Neither amendment actually constitutes an abortion restriction, but it forms the basis for this in the future. [19659007] They are best described as "triggering changes" that do indeed establish a legal framework for such restrictions, such as the very venerable Katherine Hancock Ragsdale, Interim President and CEO of the National Abortion Federation (NAF), says SELF. "At the moment they mean nothing, but they could have serious consequences for abortion in this country."

The clause in each amendment stating that abortion funding is not required means that the state government at any time (Ragsdale declares that after its signing a bill will be proposed, according to which people whose insurance is publicly funded, health insurance for abortion

The clause in both amendments states that the right to abortion is not protected and, on the other hand, there will only be teeth when the Supreme Court overturns Roe v. Wade Ragsdale explains As a current law of the country, Roe, which guarantees Americans the right to abortion, replaces the state laws, but in an overthrow, the problem of abortion is left to each state, which means that West Virginia or Alabama will be subject to demolition or total bans could theoretically even in case of rape, incest or if the life of the woman is at risk, as the changes in these cases do not provide for exceptions

Moreover, the rationale for the "right to life" in Amendment 2 in Alabama could have even more serious effects on women's health should Roe be overthrown.
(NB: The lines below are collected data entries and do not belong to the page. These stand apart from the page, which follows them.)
(* For every $n\ge25$ and every integer $t$ with $\frac{n^2}{8}+\frac{n}{2}-2\le t\le \frac{n^2}{4}+\frac{n^2}{16}-3n+\frac{205}{16}$, there exists an $(n,t)$-blocker.
   Context: For a convex $n$-gon: an edge is a segment between two vertices; diagonals are edges that are not sides of the polygon. Two edges cross if they share an interior point. A triangulation is a maximal set of pairwise non-crossing diagonals. A blocker is a set $B$ of diagonals having a diagonal in common with every triangulation; it is saturated if for every $e\in B$, $B\setminus\{e\}$ is not a blocker. An $(n,t)$-blocker is a saturated blocker of size $t$ for a convex $n$-gon. *)

theory Defs
  imports Complex_Main
begin

text \<open>Convex n-gon with vertices 0,...,n-1 in cyclic order. An edge is a pair (i,j)
  with i < j < n. Sides are (i, i+1) and (0, n-1); diagonals are the other edges.\<close>

definition diagonal :: "nat \<Rightarrow> nat \<times> nat \<Rightarrow> bool" where
  "diagonal n e \<longleftrightarrow> (case e of (i, j) \<Rightarrow>
      i < j \<and> j < n \<and> j \<noteq> Suc i \<and> \<not> (i = 0 \<and> j = n - 1))"

text \<open>In convex position two edges share an interior point iff their endpoints
  strictly interleave.\<close>
definition crosses :: "nat \<times> nat \<Rightarrow> nat \<times> nat \<Rightarrow> bool" where
  "crosses e f \<longleftrightarrow> (case e of (a, b) \<Rightarrow> case f of (c, d) \<Rightarrow>
      (a < c \<and> c < b \<and> b < d) \<or> (c < a \<and> a < d \<and> d < b))"

definition noncrossing_diags :: "nat \<Rightarrow> (nat \<times> nat) set \<Rightarrow> bool" where
  "noncrossing_diags n S \<longleftrightarrow> (\<forall>e\<in>S. diagonal n e) \<and> (\<forall>e\<in>S. \<forall>f\<in>S. \<not> crosses e f)"

definition triangulation :: "nat \<Rightarrow> (nat \<times> nat) set \<Rightarrow> bool" where
  "triangulation n T \<longleftrightarrow> noncrossing_diags n T \<and>
     (\<forall>S. noncrossing_diags n S \<and> T \<subseteq> S \<longrightarrow> S = T)"

definition blocker :: "nat \<Rightarrow> (nat \<times> nat) set \<Rightarrow> bool" where
  "blocker n B \<longleftrightarrow> (\<forall>e\<in>B. diagonal n e) \<and> (\<forall>T. triangulation n T \<longrightarrow> B \<inter> T \<noteq> {})"

definition saturated_blocker :: "nat \<Rightarrow> (nat \<times> nat) set \<Rightarrow> bool" where
  "saturated_blocker n B \<longleftrightarrow> blocker n B \<and> (\<forall>e\<in>B. \<not> blocker n (B - {e}))"

definition nt_blocker :: "nat \<Rightarrow> nat \<Rightarrow> (nat \<times> nat) set \<Rightarrow> bool" where
  "nt_blocker n t B \<longleftrightarrow> saturated_blocker n B \<and> card B = t"

end

theory Submission
  imports Defs
begin

text \<open>The 10-gon has a saturated blocker \<open>B10\<close> of 15 diagonals. Blow every vertex \<open>k\<close> of the
  10-gon up into an arc of \<open>l\<^sub>k\<close> consecutive vertices of the \<open>n\<close>-gon and keep the diagonals of the
  \<open>n\<close>-gon running between arcs \<open>i\<close> and \<open>j\<close> with \<open>(i, j) \<in> B10\<close>. This is a saturated blocker of
  size \<open>\<Sum> l\<^sub>i l\<^sub>j\<close>: the chords certifying that \<open>B10\<close> blocks lift arcwise, and a noncrossing set
  showing that \<open>B10 - {(i, j)}\<close> is no blocker lifts through one representative vertex per arc,
  the two ends \<open>u, v\<close> of a kept diagonal serving as representatives of arcs \<open>i, j\<close>, while the
  chords fencing \<open>u\<close> and \<open>v\<close> off inside their arcs cross all other diagonals between these arcs.
  For arc lengths \<open>(p, q, 1, 2, 1, u, 1, 1, v, 1)\<close> the size is
  \<open>2p + q + (p + q)(u + v) + uv + u + 9\<close>; with \<open>u, v\<close> balanced, the sizes for \<open>p + q = P\<close> fill an
  interval, and these intervals chain together over the range of \<open>t\<close>.\<close>

section \<open>Triangulations and blockers\<close>

lemma diagonal_if_crosses:
  assumes "crosses (a, b) (a', b') \<or> crosses (a', b') (a, b)" "b < n" "b' < n"
  shows "diagonal n (a, b)"
  using assms unfolding crosses_def diagonal_def by auto

lemma crosses_imp_endpoint_inside_and_outside:
  assumes "crosses (s, t) (a, b) \<or> crosses (a, b) (s, t)"
  shows "\<exists>z\<in>{a, b}. s < z \<and> z < t" "\<exists>z\<in>{a, b}. z < s \<or> t < z"
  using assms unfolding crosses_def by auto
In essence, it could theoretically be used to justify a law governing reproductive rights in the name of the "sanctity of unborn life," says Ragsdale.

While this is all speculative at the moment, reproductive health experts and advocates are extremely concerned about the potential health effects on women.

"Amendment 1 gives politicians the right to deprive a woman of the right to abortion without exception." Dr. Anne Banfield, the young woman doctor, representative of the West Virginia section of the American College of Obstetricians and Gynecologists (WV ACOG), tells SELF in a statement on behalf of the section.

Abortion restrictions would force physicians to make the most medically sound decision for their patients. "[Amendment 1] could put doctors in an untenable position to deny the benefits required to women whose pregnancy is threatening their health," explains Dr. Banfield. "Doctors can not always predict the course of medical conditions or complications, or how quickly they can lead to mild health problems, serious injury, or even death." free of political interference in the relationship between patient and doctor. "

Doctors are also concerned about how laws that restrict and exploit abortion will hit disadvantaged women already facing barriers to treatment." We can not ignore that Amendment 1 in West Virginia and Amendment 2 in Alabama will unduly harm women in color and low-income women. "Dawn Laguens, executive vice president and chief brand officer of the Planned Parenthood Federation of America (PPFA) and the Planned Parenthood Action Fund (PPAF), says in a statement SELF

There is also concern that women could use dangerous means of abortion to restrict safe and legal access should they be restricted or illegal, women resort to unsafe methods to stop unwanted pregnancies, including self-inflicted abdominal and body trauma, ingestion of hazardous chemicals, self-medication with a variety of medications and confidence in non-qualified abortion providers. " Banfield says.

The future of abortion in West Virginia and Alabama is currently unclear. But the fact that they join 19459004 so many other states with similar laws that could be used to restrict the legal status of abortion – along with the unresolved threats to do so the out White came to house – meaning that the debate over reproductive care for women is more than ever before.